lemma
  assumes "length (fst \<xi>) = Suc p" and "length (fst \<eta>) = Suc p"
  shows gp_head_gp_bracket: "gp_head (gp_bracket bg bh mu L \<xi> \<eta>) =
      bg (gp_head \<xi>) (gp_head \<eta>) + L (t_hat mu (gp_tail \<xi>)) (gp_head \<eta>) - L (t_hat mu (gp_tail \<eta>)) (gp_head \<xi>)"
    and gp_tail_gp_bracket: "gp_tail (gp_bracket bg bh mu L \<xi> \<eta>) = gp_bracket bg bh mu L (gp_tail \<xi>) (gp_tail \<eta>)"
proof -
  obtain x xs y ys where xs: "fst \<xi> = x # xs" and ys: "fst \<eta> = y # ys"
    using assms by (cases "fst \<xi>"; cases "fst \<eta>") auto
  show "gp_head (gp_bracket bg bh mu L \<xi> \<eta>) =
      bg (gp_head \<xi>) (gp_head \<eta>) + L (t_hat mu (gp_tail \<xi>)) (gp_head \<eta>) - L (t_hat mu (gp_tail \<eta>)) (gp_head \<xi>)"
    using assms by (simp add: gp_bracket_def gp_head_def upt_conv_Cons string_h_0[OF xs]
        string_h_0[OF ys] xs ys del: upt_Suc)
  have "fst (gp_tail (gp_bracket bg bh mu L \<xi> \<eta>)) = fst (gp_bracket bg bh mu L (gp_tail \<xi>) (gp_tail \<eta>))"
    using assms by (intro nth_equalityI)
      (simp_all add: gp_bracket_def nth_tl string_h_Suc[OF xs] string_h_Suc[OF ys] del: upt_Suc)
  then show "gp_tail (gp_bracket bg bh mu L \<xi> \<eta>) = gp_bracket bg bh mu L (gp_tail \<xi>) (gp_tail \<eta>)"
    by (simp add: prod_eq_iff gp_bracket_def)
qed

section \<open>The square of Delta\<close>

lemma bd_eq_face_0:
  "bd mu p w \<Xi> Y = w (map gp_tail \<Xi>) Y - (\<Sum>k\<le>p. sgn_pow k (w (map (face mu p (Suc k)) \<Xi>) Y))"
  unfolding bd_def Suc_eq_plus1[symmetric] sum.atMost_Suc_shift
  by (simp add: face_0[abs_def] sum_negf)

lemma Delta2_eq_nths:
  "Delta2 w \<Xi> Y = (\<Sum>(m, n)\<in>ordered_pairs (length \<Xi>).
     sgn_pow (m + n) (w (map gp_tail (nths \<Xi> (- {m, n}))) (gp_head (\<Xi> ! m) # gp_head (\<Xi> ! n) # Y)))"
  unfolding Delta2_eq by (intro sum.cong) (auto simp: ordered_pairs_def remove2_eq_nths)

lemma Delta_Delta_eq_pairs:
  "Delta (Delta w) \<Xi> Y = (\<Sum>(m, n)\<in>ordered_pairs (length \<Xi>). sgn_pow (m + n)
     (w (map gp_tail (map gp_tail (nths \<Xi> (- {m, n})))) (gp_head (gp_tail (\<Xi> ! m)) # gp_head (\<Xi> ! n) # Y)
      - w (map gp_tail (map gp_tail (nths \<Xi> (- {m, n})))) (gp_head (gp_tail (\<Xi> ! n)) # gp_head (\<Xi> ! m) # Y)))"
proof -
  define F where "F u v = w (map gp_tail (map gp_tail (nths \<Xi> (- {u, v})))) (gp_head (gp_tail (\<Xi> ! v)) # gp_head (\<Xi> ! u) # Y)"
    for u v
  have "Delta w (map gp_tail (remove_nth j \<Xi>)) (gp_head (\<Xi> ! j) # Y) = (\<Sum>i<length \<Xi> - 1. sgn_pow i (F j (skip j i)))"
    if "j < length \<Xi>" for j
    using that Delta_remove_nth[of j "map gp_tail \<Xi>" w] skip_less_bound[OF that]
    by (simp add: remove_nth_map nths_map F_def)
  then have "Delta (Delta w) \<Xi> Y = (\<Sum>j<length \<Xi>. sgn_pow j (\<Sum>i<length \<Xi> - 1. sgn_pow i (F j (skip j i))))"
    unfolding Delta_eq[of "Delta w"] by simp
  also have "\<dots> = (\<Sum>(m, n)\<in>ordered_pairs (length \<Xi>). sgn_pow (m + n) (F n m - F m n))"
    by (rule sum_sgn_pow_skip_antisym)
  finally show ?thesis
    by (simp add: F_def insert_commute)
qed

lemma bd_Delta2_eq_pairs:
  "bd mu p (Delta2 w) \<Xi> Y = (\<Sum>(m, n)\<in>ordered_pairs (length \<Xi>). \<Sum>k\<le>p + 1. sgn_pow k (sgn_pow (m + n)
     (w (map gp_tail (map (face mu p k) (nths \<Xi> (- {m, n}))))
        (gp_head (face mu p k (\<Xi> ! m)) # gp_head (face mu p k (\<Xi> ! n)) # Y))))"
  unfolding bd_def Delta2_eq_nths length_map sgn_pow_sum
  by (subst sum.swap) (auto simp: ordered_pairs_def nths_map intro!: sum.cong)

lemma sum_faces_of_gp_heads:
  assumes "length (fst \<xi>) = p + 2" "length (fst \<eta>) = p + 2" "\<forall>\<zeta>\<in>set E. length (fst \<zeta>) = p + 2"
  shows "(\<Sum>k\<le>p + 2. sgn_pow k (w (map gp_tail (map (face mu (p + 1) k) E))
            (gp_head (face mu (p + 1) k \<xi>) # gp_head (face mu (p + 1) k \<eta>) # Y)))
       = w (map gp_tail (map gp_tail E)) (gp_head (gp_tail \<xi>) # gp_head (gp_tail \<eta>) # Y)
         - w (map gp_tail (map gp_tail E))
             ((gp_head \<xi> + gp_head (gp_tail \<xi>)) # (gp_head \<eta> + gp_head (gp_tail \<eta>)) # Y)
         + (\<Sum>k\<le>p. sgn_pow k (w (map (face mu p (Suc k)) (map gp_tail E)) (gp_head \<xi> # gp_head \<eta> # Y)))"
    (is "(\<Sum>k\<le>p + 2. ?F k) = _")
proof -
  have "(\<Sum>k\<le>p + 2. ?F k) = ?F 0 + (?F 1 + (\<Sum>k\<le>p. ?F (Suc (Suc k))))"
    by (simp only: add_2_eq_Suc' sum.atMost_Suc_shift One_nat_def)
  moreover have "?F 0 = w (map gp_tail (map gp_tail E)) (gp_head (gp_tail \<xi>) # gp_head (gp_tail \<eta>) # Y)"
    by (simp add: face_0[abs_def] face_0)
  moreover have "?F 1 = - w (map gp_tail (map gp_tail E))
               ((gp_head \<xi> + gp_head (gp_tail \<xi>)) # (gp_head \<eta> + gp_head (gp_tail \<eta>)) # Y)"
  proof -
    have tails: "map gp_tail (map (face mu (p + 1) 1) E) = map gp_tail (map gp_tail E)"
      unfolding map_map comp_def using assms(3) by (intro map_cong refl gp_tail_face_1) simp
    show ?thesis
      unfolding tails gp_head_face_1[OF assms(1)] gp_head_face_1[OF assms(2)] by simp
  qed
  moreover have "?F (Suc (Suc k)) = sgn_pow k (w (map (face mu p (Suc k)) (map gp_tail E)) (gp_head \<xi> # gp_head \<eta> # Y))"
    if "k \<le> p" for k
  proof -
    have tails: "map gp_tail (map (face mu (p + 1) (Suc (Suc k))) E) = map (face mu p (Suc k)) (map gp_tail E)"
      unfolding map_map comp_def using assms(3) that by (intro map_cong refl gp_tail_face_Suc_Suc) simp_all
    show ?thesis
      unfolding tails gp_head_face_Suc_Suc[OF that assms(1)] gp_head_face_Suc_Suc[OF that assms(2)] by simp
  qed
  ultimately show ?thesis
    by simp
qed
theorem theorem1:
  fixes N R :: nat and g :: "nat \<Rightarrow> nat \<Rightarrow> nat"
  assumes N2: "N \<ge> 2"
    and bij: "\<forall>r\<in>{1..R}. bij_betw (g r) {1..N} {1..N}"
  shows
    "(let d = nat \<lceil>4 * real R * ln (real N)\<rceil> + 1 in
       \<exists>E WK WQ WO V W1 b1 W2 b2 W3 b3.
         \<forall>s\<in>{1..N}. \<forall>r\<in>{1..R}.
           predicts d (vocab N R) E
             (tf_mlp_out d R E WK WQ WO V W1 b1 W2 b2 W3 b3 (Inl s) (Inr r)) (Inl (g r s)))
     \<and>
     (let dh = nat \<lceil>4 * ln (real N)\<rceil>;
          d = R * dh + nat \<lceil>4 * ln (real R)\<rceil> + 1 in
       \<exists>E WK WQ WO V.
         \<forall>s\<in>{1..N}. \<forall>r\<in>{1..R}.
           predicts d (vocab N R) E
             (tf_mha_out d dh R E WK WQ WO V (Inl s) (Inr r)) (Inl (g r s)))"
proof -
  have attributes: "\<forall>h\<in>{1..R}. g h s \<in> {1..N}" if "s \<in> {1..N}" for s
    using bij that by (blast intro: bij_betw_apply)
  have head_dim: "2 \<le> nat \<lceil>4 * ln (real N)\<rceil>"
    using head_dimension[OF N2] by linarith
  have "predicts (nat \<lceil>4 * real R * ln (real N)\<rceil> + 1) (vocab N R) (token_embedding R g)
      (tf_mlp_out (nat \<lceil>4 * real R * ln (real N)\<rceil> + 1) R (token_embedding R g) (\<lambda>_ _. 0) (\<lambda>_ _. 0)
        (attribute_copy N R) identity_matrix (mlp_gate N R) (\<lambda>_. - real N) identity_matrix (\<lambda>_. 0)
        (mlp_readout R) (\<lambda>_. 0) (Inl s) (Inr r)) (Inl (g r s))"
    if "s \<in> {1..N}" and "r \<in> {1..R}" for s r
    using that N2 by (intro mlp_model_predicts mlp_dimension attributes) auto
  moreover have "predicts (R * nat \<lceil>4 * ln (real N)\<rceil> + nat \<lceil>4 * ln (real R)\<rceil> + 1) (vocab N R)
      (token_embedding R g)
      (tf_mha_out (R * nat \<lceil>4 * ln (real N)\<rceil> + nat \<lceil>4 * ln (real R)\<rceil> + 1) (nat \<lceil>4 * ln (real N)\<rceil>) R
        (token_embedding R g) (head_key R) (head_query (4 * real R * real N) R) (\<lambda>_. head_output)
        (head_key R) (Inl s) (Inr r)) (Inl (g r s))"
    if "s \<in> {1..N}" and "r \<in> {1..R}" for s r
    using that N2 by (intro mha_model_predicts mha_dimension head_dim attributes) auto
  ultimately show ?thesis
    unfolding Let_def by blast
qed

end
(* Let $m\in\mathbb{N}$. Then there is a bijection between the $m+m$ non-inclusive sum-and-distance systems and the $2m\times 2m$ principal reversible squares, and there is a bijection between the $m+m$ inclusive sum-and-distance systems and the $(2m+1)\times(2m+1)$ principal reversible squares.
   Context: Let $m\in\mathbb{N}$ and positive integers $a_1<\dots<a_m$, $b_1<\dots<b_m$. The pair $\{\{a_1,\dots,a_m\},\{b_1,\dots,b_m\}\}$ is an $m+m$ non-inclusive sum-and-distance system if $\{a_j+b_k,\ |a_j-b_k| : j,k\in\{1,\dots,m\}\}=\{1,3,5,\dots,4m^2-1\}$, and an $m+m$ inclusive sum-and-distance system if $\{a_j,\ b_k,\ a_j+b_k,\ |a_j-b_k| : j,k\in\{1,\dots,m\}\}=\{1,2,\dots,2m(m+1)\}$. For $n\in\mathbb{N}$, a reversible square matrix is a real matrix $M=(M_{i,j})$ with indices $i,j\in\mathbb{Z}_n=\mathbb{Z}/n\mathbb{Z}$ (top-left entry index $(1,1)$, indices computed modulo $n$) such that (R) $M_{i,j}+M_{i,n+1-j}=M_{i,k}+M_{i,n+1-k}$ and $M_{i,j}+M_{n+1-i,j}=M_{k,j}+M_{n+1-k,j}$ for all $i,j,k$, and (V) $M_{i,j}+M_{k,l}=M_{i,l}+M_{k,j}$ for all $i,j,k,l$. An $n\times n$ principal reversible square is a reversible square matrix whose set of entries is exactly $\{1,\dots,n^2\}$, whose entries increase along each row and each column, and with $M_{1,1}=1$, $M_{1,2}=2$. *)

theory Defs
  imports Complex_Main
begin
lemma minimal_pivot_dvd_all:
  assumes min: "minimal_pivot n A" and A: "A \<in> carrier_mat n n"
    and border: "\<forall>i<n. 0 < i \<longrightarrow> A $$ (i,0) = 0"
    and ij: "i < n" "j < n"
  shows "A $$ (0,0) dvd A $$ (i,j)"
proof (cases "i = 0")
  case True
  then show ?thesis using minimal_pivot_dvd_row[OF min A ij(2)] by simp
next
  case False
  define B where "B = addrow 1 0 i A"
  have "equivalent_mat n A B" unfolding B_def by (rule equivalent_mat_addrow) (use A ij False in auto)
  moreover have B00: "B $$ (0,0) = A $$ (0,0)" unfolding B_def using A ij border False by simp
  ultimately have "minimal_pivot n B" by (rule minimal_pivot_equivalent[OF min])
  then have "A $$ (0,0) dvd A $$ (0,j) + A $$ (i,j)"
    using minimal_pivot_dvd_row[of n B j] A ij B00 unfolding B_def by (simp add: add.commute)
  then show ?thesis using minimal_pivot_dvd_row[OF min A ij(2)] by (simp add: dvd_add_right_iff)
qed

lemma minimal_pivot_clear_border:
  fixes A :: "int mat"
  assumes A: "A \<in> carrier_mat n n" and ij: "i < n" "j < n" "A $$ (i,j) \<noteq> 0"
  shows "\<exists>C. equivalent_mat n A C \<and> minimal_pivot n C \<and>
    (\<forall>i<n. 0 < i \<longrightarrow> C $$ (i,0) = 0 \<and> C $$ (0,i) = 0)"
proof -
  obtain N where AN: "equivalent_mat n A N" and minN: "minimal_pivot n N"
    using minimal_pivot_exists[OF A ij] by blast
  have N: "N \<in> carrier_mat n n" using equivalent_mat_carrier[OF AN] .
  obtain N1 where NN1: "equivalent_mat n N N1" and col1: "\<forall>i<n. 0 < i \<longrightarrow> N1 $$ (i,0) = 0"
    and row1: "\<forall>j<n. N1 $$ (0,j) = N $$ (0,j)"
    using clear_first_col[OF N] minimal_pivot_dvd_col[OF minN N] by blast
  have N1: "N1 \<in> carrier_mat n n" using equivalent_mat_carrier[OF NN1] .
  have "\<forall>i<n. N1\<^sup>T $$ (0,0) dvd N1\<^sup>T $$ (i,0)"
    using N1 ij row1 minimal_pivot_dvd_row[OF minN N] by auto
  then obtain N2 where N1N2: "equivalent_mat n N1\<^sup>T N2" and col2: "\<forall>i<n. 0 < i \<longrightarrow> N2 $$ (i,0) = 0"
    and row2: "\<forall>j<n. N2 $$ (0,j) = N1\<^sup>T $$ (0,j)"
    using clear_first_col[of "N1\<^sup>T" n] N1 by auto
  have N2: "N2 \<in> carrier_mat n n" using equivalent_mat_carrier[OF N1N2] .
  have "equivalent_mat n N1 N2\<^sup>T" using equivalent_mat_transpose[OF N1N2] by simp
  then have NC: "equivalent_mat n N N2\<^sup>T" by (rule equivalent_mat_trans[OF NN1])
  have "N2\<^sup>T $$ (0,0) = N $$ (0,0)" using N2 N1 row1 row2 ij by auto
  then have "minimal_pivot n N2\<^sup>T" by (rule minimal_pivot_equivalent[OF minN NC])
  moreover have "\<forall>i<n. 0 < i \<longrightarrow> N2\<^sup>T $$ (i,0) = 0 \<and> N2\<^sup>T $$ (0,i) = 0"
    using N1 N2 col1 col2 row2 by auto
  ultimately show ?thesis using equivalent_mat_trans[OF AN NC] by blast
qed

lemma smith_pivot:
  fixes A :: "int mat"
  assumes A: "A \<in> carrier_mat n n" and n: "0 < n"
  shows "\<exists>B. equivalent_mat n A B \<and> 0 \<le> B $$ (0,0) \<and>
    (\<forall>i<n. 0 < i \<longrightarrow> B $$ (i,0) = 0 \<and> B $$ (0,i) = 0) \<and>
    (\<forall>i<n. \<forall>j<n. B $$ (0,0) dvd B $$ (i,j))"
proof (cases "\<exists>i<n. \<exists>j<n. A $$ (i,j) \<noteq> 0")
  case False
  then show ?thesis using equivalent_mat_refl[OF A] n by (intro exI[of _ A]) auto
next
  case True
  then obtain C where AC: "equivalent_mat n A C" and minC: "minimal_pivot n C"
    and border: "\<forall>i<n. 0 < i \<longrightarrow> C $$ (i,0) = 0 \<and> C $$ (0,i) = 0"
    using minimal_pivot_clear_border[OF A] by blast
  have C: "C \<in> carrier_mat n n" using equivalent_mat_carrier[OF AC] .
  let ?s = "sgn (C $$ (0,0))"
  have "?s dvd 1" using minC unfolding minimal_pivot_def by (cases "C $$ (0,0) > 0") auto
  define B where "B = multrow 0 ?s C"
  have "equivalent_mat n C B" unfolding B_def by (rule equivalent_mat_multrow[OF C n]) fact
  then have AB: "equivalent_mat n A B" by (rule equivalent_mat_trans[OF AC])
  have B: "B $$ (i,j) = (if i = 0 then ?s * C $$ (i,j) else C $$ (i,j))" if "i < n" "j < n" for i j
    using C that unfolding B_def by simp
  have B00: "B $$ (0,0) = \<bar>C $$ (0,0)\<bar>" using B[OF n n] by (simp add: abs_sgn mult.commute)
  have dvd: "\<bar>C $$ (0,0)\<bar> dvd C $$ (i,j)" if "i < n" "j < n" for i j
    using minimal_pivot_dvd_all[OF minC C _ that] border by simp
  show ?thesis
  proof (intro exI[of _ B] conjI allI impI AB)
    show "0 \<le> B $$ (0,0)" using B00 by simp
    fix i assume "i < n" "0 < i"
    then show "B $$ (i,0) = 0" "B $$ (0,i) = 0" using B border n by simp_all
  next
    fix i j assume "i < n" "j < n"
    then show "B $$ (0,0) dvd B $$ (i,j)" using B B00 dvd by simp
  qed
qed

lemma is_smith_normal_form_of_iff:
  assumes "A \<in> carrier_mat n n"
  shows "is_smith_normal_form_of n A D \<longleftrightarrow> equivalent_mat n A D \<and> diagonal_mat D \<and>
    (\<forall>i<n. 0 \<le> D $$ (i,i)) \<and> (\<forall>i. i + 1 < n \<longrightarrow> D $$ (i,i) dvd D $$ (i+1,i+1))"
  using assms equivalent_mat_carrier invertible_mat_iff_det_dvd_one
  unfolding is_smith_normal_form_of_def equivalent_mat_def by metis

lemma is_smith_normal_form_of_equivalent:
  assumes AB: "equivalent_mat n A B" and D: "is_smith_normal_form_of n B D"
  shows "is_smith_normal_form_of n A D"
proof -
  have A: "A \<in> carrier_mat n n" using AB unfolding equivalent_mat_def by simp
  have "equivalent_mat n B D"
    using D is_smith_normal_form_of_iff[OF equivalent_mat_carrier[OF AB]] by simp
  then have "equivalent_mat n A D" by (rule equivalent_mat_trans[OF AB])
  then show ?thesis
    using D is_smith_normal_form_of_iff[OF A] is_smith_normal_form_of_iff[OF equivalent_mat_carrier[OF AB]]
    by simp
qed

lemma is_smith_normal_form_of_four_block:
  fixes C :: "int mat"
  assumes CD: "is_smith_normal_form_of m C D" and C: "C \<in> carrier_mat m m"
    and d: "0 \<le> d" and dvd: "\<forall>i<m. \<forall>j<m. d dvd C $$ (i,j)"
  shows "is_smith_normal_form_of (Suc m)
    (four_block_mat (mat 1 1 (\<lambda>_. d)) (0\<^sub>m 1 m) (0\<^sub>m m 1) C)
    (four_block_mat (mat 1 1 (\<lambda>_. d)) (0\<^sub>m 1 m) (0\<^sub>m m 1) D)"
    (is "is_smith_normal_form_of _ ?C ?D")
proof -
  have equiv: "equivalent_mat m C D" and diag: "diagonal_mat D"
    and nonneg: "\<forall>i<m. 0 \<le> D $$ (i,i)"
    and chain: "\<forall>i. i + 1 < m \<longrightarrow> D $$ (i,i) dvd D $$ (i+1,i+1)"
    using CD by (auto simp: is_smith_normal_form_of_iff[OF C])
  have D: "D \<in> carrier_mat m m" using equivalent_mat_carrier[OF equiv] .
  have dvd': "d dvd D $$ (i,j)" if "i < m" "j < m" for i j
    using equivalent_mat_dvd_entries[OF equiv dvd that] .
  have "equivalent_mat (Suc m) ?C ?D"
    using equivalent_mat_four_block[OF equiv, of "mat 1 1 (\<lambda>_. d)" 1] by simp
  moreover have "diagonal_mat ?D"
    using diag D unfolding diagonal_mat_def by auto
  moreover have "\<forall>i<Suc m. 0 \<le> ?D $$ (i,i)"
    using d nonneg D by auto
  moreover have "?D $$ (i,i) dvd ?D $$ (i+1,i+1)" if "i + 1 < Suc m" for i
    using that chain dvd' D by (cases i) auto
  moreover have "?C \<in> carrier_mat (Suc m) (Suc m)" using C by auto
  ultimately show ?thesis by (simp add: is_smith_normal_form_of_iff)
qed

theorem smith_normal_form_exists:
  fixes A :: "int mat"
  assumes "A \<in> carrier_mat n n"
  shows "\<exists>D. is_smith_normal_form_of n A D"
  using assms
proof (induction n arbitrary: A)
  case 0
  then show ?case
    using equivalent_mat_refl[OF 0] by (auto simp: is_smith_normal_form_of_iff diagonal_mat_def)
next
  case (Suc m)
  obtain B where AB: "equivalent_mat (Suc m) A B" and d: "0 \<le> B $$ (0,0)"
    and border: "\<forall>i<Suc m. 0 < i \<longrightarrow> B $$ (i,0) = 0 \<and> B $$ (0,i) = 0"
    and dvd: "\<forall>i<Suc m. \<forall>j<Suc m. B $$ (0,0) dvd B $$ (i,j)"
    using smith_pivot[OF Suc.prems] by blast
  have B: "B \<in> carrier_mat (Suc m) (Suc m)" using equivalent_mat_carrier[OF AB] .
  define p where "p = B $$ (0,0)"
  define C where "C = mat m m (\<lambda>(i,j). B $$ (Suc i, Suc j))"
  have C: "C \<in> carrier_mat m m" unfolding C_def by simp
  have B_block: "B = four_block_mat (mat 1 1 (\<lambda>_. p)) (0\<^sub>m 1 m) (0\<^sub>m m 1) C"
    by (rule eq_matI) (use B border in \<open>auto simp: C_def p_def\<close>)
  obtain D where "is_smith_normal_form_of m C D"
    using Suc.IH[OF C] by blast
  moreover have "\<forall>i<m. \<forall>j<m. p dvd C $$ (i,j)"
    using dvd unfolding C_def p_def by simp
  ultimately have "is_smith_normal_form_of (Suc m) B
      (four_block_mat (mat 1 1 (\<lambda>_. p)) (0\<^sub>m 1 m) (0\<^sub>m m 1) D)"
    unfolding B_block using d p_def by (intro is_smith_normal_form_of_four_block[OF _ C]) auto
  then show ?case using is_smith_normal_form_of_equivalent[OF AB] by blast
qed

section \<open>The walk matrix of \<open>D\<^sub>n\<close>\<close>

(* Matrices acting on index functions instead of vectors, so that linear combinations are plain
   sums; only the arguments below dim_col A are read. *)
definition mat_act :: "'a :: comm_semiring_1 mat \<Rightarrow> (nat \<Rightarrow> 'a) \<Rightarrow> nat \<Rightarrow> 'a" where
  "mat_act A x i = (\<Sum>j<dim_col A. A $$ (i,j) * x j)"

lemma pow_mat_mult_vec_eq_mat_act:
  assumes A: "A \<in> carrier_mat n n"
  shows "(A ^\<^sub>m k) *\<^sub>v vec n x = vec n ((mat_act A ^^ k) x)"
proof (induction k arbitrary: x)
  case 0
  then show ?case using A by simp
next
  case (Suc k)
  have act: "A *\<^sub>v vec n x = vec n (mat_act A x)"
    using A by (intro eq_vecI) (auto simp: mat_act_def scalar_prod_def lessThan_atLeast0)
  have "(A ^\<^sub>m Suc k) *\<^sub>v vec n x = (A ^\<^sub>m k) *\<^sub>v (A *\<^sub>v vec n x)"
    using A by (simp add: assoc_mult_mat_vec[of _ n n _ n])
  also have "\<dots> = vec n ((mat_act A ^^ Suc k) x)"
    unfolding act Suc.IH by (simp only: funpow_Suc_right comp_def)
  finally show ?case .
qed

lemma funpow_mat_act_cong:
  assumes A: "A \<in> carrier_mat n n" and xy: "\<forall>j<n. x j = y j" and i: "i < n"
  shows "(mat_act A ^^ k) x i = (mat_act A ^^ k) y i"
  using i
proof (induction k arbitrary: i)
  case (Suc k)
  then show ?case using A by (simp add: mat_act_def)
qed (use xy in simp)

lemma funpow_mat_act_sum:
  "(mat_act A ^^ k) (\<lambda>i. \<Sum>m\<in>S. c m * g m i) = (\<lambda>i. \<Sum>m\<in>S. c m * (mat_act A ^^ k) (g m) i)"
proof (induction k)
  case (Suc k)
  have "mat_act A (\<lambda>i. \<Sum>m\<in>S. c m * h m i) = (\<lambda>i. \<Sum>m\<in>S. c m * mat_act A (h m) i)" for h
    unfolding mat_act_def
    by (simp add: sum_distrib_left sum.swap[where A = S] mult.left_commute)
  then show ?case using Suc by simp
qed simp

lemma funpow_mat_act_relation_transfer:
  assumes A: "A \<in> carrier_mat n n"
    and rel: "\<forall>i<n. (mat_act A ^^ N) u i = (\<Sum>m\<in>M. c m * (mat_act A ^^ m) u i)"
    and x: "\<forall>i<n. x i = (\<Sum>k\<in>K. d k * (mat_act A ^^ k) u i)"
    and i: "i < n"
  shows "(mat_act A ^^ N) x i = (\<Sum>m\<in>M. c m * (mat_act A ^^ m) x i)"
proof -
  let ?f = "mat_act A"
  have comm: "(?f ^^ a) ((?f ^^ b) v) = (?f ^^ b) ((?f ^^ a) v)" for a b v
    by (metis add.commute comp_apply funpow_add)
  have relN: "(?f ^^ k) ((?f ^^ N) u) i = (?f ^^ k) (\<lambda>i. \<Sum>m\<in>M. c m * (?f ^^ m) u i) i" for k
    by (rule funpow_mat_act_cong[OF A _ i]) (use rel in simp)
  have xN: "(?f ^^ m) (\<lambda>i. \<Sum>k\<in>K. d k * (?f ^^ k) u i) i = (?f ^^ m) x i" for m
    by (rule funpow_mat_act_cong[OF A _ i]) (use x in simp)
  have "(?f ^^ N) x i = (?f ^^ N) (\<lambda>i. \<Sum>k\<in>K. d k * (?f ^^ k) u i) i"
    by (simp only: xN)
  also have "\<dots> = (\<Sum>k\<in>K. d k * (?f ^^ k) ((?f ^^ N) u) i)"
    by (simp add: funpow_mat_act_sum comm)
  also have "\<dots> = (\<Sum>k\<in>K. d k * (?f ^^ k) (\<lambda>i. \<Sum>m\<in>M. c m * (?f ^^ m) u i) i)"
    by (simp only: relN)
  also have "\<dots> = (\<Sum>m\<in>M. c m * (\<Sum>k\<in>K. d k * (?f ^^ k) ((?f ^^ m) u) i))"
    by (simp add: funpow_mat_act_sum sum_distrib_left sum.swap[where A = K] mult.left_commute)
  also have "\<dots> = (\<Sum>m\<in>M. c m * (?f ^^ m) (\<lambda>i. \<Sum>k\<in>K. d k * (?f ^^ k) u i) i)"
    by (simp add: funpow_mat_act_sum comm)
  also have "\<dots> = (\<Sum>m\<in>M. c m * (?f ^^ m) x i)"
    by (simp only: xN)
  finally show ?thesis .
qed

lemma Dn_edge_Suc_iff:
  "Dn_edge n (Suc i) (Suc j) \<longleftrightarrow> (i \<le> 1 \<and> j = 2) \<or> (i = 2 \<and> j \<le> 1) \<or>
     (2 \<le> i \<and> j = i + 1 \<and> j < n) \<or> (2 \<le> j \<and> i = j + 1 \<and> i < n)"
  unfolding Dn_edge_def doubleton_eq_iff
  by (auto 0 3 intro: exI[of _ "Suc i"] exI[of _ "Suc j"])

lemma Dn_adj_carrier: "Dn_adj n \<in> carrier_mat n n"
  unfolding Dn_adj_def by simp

- - - - - - -

▶ **PROMPT**: Print exactly the lines above, between the one holding "equivalent_mat_carrier[OF AB] ." and the one holding "using A by (intro", inclusive, and nothing besides.

▶ **OUTPUT BELOW**:
  have B: "B \<in> carrier_mat (Suc m) (Suc m)" using equivalent_mat_carrier[OF AB] .
  define p where "p = B $$ (0,0)"
  define C where "C = mat m m (\<lambda>(i,j). B $$ (Suc i, Suc j))"
  have C: "C \<in> carrier_mat m m" unfolding C_def by simp
  have B_block: "B = four_block_mat (mat 1 1 (\<lambda>_. p)) (0\<^sub>m 1 m) (0\<^sub>m m 1) C"
    by (rule eq_matI) (use B border in \<open>auto simp: C_def p_def\<close>)
  obtain D where "is_smith_normal_form_of m C D"
    using Suc.IH[OF C] by blast
  moreover have "\<forall>i<m. \<forall>j<m. p dvd C $$ (i,j)"
    using dvd unfolding C_def p_def by simp
  ultimately have "is_smith_normal_form_of (Suc m) B
      (four_block_mat (mat 1 1 (\<lambda>_. p)) (0\<^sub>m 1 m) (0\<^sub>m m 1) D)"
    unfolding B_block using d p_def by (intro is_smith_normal_form_of_four_block[OF _ C]) auto
  then show ?case using is_smith_normal_form_of_equivalent[OF AB] by blast
qed

section \<open>The walk matrix of \<open>D\<^sub>n\<close>\<close>

(* Matrices acting on index functions instead of vectors, so that linear combinations are plain
   sums; only the arguments below dim_col A are read. *)
definition mat_act :: "'a :: comm_semiring_1 mat \<Rightarrow> (nat \<Rightarrow> 'a) \<Rightarrow> nat \<Rightarrow> 'a" where
  "mat_act A x i = (\<Sum>j<dim_col A. A $$ (i,j) * x j)"

lemma pow_mat_mult_vec_eq_mat_act:
  assumes A: "A \<in> carrier_mat n n"
  shows "(A ^\<^sub>m k) *\<^sub>v vec n x = vec n ((mat_act A ^^ k) x)"
proof (induction k arbitrary: x)
  case 0
  then show ?case using A by simp
next
  case (Suc k)
  have act: "A *\<^sub>v vec n x = vec n (mat_act A x)"
    using A by (intro eq_vecI) (auto simp: mat_act_def scalar_prod_def lessThan_atLeast0)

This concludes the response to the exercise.